Sofreh Mâhi (, "Eagle ray") is an Iranian stealth UCAV under development. Little is known about the drone but scaled down mock-ups shown during Iranian Army Day 2010 parade show that it has a flat diamond shape body with twin vertical stabilizers. First reference to the drone was given by Lieutenant Commander of the Iranian Air Force General Aziz Nasirzadeh who reported that the first tests of the drone were finished.

Development 

Iran officially stated that it is working on a stealth UCAV named Sofreh Mahi on 7 Feb. 2010. Iranian officials reported that the drone has a shape similar to the Eagle ray resulting in the drone being called the Sofreh Mahi (the Persian for "Eagle Ray"). The drone is also made out of special materials that absorb radar energy. These two features give it the ability to evade enemy radars.

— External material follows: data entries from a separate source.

lemma quasi_positive_nonneg_on_short_interval:
  fixes f f' :: "'i \<Rightarrow> real \<Rightarrow> real"
  assumes "a \<le> b" "L \<ge> 0" "C \<ge> 0" "C * (b - a) < 1"
    and der: "\<And>i s. i \<in> F \<Longrightarrow> s \<in> {a..b} \<Longrightarrow> (f i has_real_derivative f' i s) (at s within {a..b})"
    and quasi_pos: "\<And>s N. s \<in> {a..b} \<Longrightarrow> N \<ge> 0 \<Longrightarrow> \<forall>j\<in>F. f j s \<ge> -N \<Longrightarrow>
                      \<forall>i\<in>F. f' i s + L * f i s \<ge> -(C * N)"
    and lower: "\<And>i s. i \<in> F \<Longrightarrow> s \<in> {a..b} \<Longrightarrow> f i s \<ge> -K"
    and init: "\<And>i. i \<in> F \<Longrightarrow> f i a \<ge> 0"
    and "i \<in> F" "s \<in> {a..b}"
  shows "f i s \<ge> 0"
proof -
  define Neg where "Neg = insert 0 ((\<lambda>(j, s). - f j s) ` (F \<times> {a..b}))"
  define M where "M = Sup Neg"
  have bdd: "bdd_above Neg"
    unfolding Neg_def by (rule bdd_aboveI[of _ "max 0 K"]) (auto dest: lower)
  have "0 \<le> M"
    unfolding M_def by (intro cSup_upper bdd) (simp add: Neg_def)
  have below: "f j s \<ge> -M" if "j \<in> F" "s \<in> {a..b}" for j s
  proof -
    have "- f j s \<in> Neg"
      unfolding Neg_def using that by (intro insertI2 rev_image_eqI[of "(j, s)"]) auto
    from cSup_upper[OF this bdd] show ?thesis
      by (simp add: M_def)
  qed
  have shrink: "- f j s \<le> C * (b - a) * M" if "j \<in> F" "s \<in> {a..b}" for j s
  proof -
    have "f j s \<ge> exp (- L * (s - a)) * f j a - C * M * (s - a)"
    proof (rule integrating_factor_lower_bound)
      show "a \<le> s" "L \<ge> 0" "C * M \<ge> 0"
        using that \<open>L \<ge> 0\<close> \<open>C \<ge> 0\<close> \<open>0 \<le> M\<close> by auto
      fix u assume u: "u \<in> {a..s}"
      then have "u \<in> {a..b}"
        using that by auto
      then show "(f j has_real_derivative f' j u) (at u within {a..s})"
        using has_field_derivative_subset[OF der[OF \<open>j \<in> F\<close>], of u "{a..s}"] that by auto
      have "\<forall>i\<in>F. f' i u + L * f i u \<ge> - (C * M)"
        using \<open>u \<in> {a..b}\<close> \<open>0 \<le> M\<close> below by (intro quasi_pos) auto
      then show "f' j u + L * f j u \<ge> - (C * M)"
        using \<open>j \<in> F\<close> by blast
    qed
    moreover have "exp (- L * (s - a)) * f j a \<ge> 0"
      using init[OF \<open>j \<in> F\<close>] by simp
    moreover have "C * M * (s - a) \<le> C * (b - a) * M"
      using that \<open>C \<ge> 0\<close> \<open>0 \<le> M\<close> by (simp add: mult.commute mult.left_commute mult_left_mono)
    ultimately show ?thesis
      by linarith
  qed
  have "C * (b - a) * M \<ge> 0"
    using \<open>a \<le> b\<close> \<open>C \<ge> 0\<close> \<open>0 \<le> M\<close> by simp
  then have "Sup Neg \<le> C * (b - a) * M"
    unfolding Neg_def using shrink by (intro cSup_least) auto
  then have "M \<le> C * (b - a) * M"
    by (simp add: M_def)
  then have "(1 - C * (b - a)) * M \<le> 0"
    by (simp add: algebra_simps)
  then have "M = 0"
    using \<open>0 \<le> M\<close> \<open>C * (b - a) < 1\<close> by (simp add: mult_le_0_iff)
  then show ?thesis
    using below[OF \<open>i \<in> F\<close> \<open>s \<in> {a..b}\<close>] by simp
qed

General Aziz Nasirzadeh, Lieutenant Commander of the Iranian Army Air Force, stated that the UAV 'Sofreh Mahi' has been designed and manufactured for reconnaissance and bombing missions, considering its radar-evading capability.

General Nasirzadeh also announced that once the aircraft passes further tests, and its features and capabilities are completed, the Defense Ministry will begin the production. "Production of the actual size as well as mounting and testing weapons and a number of systems on the aircraft are the next phases before we can start its mass production", Nasirzadeh said.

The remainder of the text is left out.